Activity: Below are some records; output exactly the lines from the line with "define b where" to the line with "define D where", both ends kept, and nothing more.

Dataset extract:
*** Begin section ***
(* Let $H=(h_{ij})=(N^{-1/2}x_{ij})$ be a generalized symmetric Wigner matrix such that, for some constant $C_1>0$ and all $1\le i<j\le N$, $\mathbb{E}|h_{ii}|^2\le C_1/N$, $\mathbb{E}|h_{ij}|^2=1/N$, $\mathbb{E}|h_{ij}|^3\le C_1N^{-3/2}$, $\mathbb{E}|h_{ij}|^4\le C_1(\log N)N^{-2}$, and $H$ satisfies the bounded support condition with $q=N^{\phi}$ for some constant $\phi>0$. Then there exists another generalized symmetric Wigner matrix $\widetilde H=(N^{-1/2}\widetilde x_{ij})$ satisfying the bounded support condition with some $q\ge cN^{1/2}/\log N$ ($c>0$ a constant), such that $$\mathbb{E}x_{ij}^k=\mathbb{E}\widetilde x_{ij}^k\quad(i\ne j,\ k=1,2,3,4),\qquad \mathbb{E}x_{ii}^k=\mathbb{E}\widetilde x_{ii}^k\quad(k=1,2).$$
   Context: A generalized symmetric Wigner matrix of size $N$ is a real symmetric matrix $H=(h_{ij})$ whose upper-triangular entries are independent real centered random variables (distributions may depend on $i,j,N$) with $|\mathbb{E}h_{ij}^2-N^{-1}|\le C_0N^{-1}\delta_{ij}$ for a constant $C_0$. The bounded support condition with $q$: for all $i,j$, $|h_{ij}|\le q^{-1}$ with probability at least $1-e^{-N^c}$ for some constant $c>0$. *)

theory Defs
  imports "HOL-Probability.Probability"
begin

text \<open>A (sequence of) generalized symmetric Wigner matrices is represented by the
laws of its upper-triangular entries: mu N i j is the distribution of h_ij
for the N x N matrix, 0 <= i <= j < N. The entries are independent, so the
joint law is the product of these marginals.\<close>

definition gen_wigner :: "(nat \<Rightarrow> nat \<Rightarrow> nat \<Rightarrow> real measure) \<Rightarrow> bool" where
  "gen_wigner mu \<longleftrightarrow>
     (\<forall>N i j. i \<le> j \<and> j < N \<longrightarrow>
        prob_space (mu N i j) \<and> sets (mu N i j) = sets borel \<and>
        integrable (mu N i j) (\<lambda>x. x) \<and> integrable (mu N i j) (\<lambda>x. x ^ 2) \<and>
        (\<integral>x. x \<partial>(mu N i j)) = 0) \<and>
     (\<exists>C0. \<forall>N i j. i \<le> j \<and> j < N \<longrightarrow>
        \<bar>(\<integral>x. x ^ 2 \<partial>(mu N i j)) - 1 / real N\<bar> \<le> C0 / real N * (if i = j then 1 else 0))"

definition bounded_support :: "(nat \<Rightarrow> nat \<Rightarrow> nat \<Rightarrow> real measure) \<Rightarrow> (nat \<Rightarrow> real) \<Rightarrow> bool" where
  "bounded_support mu q \<longleftrightarrow>
     (\<exists>c>0. \<forall>N i j. i \<le> j \<and> j < N \<longrightarrow>
        measure (mu N i j) {x. \<bar>x\<bar> \<le> inverse (q N)} \<ge> 1 - exp (- (real N powr c)))"

end

theory Submission
  imports Defs
begin

(* Pearson's inequality E X^4 >= 1 + (E X^3)^2 for a standardized variable X is exactly what is
   needed to realise the moments (0, 1, s, k) of an off-diagonal entry x_ij by a law with at most
   five atoms. With weight w = (1 + s^2) / k take the two-point law on {a, -b} with a b = 1 and
   a - b = s / w, whose moments are (0, 1, s / w, (s / w)^2 + 1); with weight 1 - w take the
   symmetric law on {-R, 0, R} with R^2 = 1 + k / (1 + s^2), whose moments are (0, 1, 0, R^2).
   All atoms are bounded by 1 + k = O(log N), so the new entries are O(log N / sqrt N), which
   gives q of order sqrt N / log N. A diagonal entry only needs its first two moments and is
   replaced by the symmetric two-point law on {-sqrt (E x_ii^2), sqrt (E x_ii^2)}. *)

section \<open>Finitely supported laws with prescribed moments\<close>

definition pmf_moment :: "real pmf \<Rightarrow> nat \<Rightarrow> real" where
  "pmf_moment D n = measure_pmf.expectation D (\<lambda>x. x ^ n)"

definition bounded_finite_pmf :: "real \<Rightarrow> real pmf \<Rightarrow> bool" where
  "bounded_finite_pmf L D \<longleftrightarrow> finite (set_pmf D) \<and> (\<forall>x\<in>set_pmf D. \<bar>x\<bar> \<le> L)"

definition two_point_pmf :: "real \<Rightarrow> 'a \<Rightarrow> 'a \<Rightarrow> 'a pmf" where
  "two_point_pmf p a b = map_pmf (\<lambda>c. if c then a else b) (bernoulli_pmf p)"

definition mixture_pmf :: "real \<Rightarrow> 'a pmf \<Rightarrow> 'a pmf \<Rightarrow> 'a pmf" where
  "mixture_pmf w P Q = bernoulli_pmf w \<bind> (\<lambda>c. if c then P else Q)"

lemma bounded_finite_pmf_mono:
  "bounded_finite_pmf L D \<Longrightarrow> L \<le> L' \<Longrightarrow> bounded_finite_pmf L' D"
  by (auto simp: bounded_finite_pmf_def)

lemma bounded_finite_two_point_pmf:
  "\<bar>a\<bar> \<le> L \<Longrightarrow> \<bar>b\<bar> \<le> L \<Longrightarrow> bounded_finite_pmf L (two_point_pmf p a b)"
  by (auto simp: bounded_finite_pmf_def two_point_pmf_def)

lemma bounded_finite_mixture_pmf:
  "bounded_finite_pmf L P \<Longrightarrow> bounded_finite_pmf L Q \<Longrightarrow> bounded_finite_pmf L (mixture_pmf w P Q)"
  by (auto simp: bounded_finite_pmf_def mixture_pmf_def)

lemma pmf_moment_two_point_pmf:
  "0 \<le> p \<Longrightarrow> p \<le> 1 \<Longrightarrow> pmf_moment (two_point_pmf p a b) n = p * a ^ n + (1 - p) * b ^ n"
  by (simp add: pmf_moment_def two_point_pmf_def)

lemma pmf_moment_mixture_pmf:
  assumes "0 \<le> w" "w \<le> 1" "bounded_finite_pmf L P" "bounded_finite_pmf L Q"
  shows "pmf_moment (mixture_pmf w P Q) n = w * pmf_moment P n + (1 - w) * pmf_moment Q n"
  using assms unfolding pmf_moment_def mixture_pmf_def bounded_finite_pmf_def
  by (subst pmf_expectation_bind[of UNIV]) (auto simp: UNIV_bool)

lemma pmf_moments_skewed_two_point_pmf:
  fixes a b :: real
  assumes "0 < a" "0 < b"
  defines "D \<equiv> two_point_pmf (b / (a + b)) a (- b)"
  shows "pmf_moment D 1 = 0" "pmf_moment D 2 = a * b"
    "pmf_moment D 3 = a * b * (a - b)" "pmf_moment D 4 = a * b * ((a - b)^2 + a * b)"
proof -
  have "1 - b / (a + b) = a / (a + b)"
    using assms by (simp add: field_simps)
  then have "pmf_moment D n = (b * a ^ n + a * (- b) ^ n) / (a + b)" for n
    using assms unfolding D_def by (simp add: pmf_moment_two_point_pmf add_divide_distrib)
  moreover have "b * a ^ 2 + a * (- b) ^ 2 = a * b * (a + b)"
    and "b * a ^ 3 + a * (- b) ^ 3 = a * b * (a - b) * (a + b)"
    and "b * a ^ 4 + a * (- b) ^ 4 = a * b * ((a - b)^2 + a * b) * (a + b)"
    by (simp_all add: algebra_simps power2_eq_square power3_eq_cube eval_nat_numeral)
  ultimately show "pmf_moment D 1 = 0" "pmf_moment D 2 = a * b"
    "pmf_moment D 3 = a * b * (a - b)" "pmf_moment D 4 = a * b * ((a - b)^2 + a * b)"
    using assms by simp_all
qed

lemma exists_two_point_pmf_standardized:
  "\<exists>D. bounded_finite_pmf (\<bar>u\<bar> + 1) D \<and> pmf_moment D 1 = 0 \<and> pmf_moment D 2 = 1 \<and>
     pmf_moment D 3 = u \<and> pmf_moment D 4 = u^2 + 1"
proof -
  define r where "r = sqrt (u^2 + 4)"
  define a where "a = (r + u) / 2"
  define b where "b = (r - u) / 2"
  have r2: "r^2 = u^2 + 4"
    unfolding r_def by simp
  have "\<bar>u\<bar> < r" "r \<le> \<bar>u\<bar> + 2"
    unfolding r_def by (auto intro!: real_less_rsqrt real_le_lsqrt simp: power2_eq_square algebra_simps)
  then have ab: "0 < a" "0 < b" "a \<le> \<bar>u\<bar> + 1" "b \<le> \<bar>u\<bar> + 1"
    unfolding a_def b_def by auto
  have "a * b = 1" "a - b = u"
    using r2 unfolding a_def b_def by (simp_all add: field_simps power2_eq_square)
  with pmf_moments_skewed_two_point_pmf[OF ab(1,2)] ab show ?thesis
    by (intro exI[of _ "two_point_pmf (b / (a + b)) a (- b)"]) (simp add: bounded_finite_two_point_pmf)
qed

lemma exists_symmetric_pmf_standardized:
  assumes "1 \<le> m"
  shows "\<exists>D. bounded_finite_pmf (sqrt m) D \<and> pmf_moment D 1 = 0 \<and> pmf_moment D 2 = 1 \<and>
     pmf_moment D 3 = 0 \<and> pmf_moment D 4 = m"
proof -
  define D where "D = mixture_pmf (1 / m) (two_point_pmf (1 / 2) (sqrt m) (- sqrt m)) (return_pmf 0)"
  have bounded: "bounded_finite_pmf (sqrt m) (two_point_pmf (1 / 2) (sqrt m) (- sqrt m))"
    "bounded_finite_pmf (sqrt m) (return_pmf 0)"
    using assms by (simp_all add: bounded_finite_two_point_pmf) (simp add: bounded_finite_pmf_def)
  have "pmf_moment D n = (sqrt m ^ n + (- sqrt m) ^ n) / (2 * m) + (1 - 1 / m) * 0 ^ n" for n
    using assms unfolding D_def
    by (simp add: pmf_moment_mixture_pmf[OF _ _ bounded] pmf_moment_two_point_pmf)
      (simp add: pmf_moment_def field_simps)
  moreover have "sqrt m ^ 4 = m^2"
    using assms power_mult[of "sqrt m" 2 2] by simp
  ultimately show ?thesis
    using assms bounded by (intro exI[of _ D]) (simp add: D_def bounded_finite_mixture_pmf power2_eq_square)
qed

lemma exists_symmetric_two_point_pmf:
  assumes "0 \<le> v"
  shows "\<exists>D. bounded_finite_pmf (sqrt v) D \<and> pmf_moment D 1 = 0 \<and> pmf_moment D 2 = v"
  using assms
  by (intro exI[of _ "two_point_pmf (1 / 2) (sqrt v) (- sqrt v)"])
    (simp add: bounded_finite_two_point_pmf pmf_moment_two_point_pmf)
*** End section ***
Solved exercise:
  define b where "b = (r - u) / 2"
  have r2: "r^2 = u^2 + 4"
    unfolding r_def by simp
  have "\<bar>u\<bar> < r" "r \<le> \<bar>u\<bar> + 2"
    unfolding r_def by (auto intro!: real_less_rsqrt real_le_lsqrt simp: power2_eq_square algebra_simps)
  then have ab: "0 < a" "0 < b" "a \<le> \<bar>u\<bar> + 1" "b \<le> \<bar>u\<bar> + 1"
    unfolding a_def b_def by auto
  have "a * b = 1" "a - b = u"
    using r2 unfolding a_def b_def by (simp_all add: field_simps power2_eq_square)
  with pmf_moments_skewed_two_point_pmf[OF ab(1,2)] ab show ?thesis
    by (intro exI[of _ "two_point_pmf (b / (a + b)) a (- b)"]) (simp add: bounded_finite_two_point_pmf)
qed

lemma exists_symmetric_pmf_standardized:
  assumes "1 \<le> m"
  shows "\<exists>D. bounded_finite_pmf (sqrt m) D \<and> pmf_moment D 1 = 0 \<and> pmf_moment D 2 = 1 \<and>
     pmf_moment D 3 = 0 \<and> pmf_moment D 4 = m"
proof -
  define D where "D = mixture_pmf (1 / m) (two_point_pmf (1 / 2) (sqrt m) (- sqrt m)) (return_pmf 0)"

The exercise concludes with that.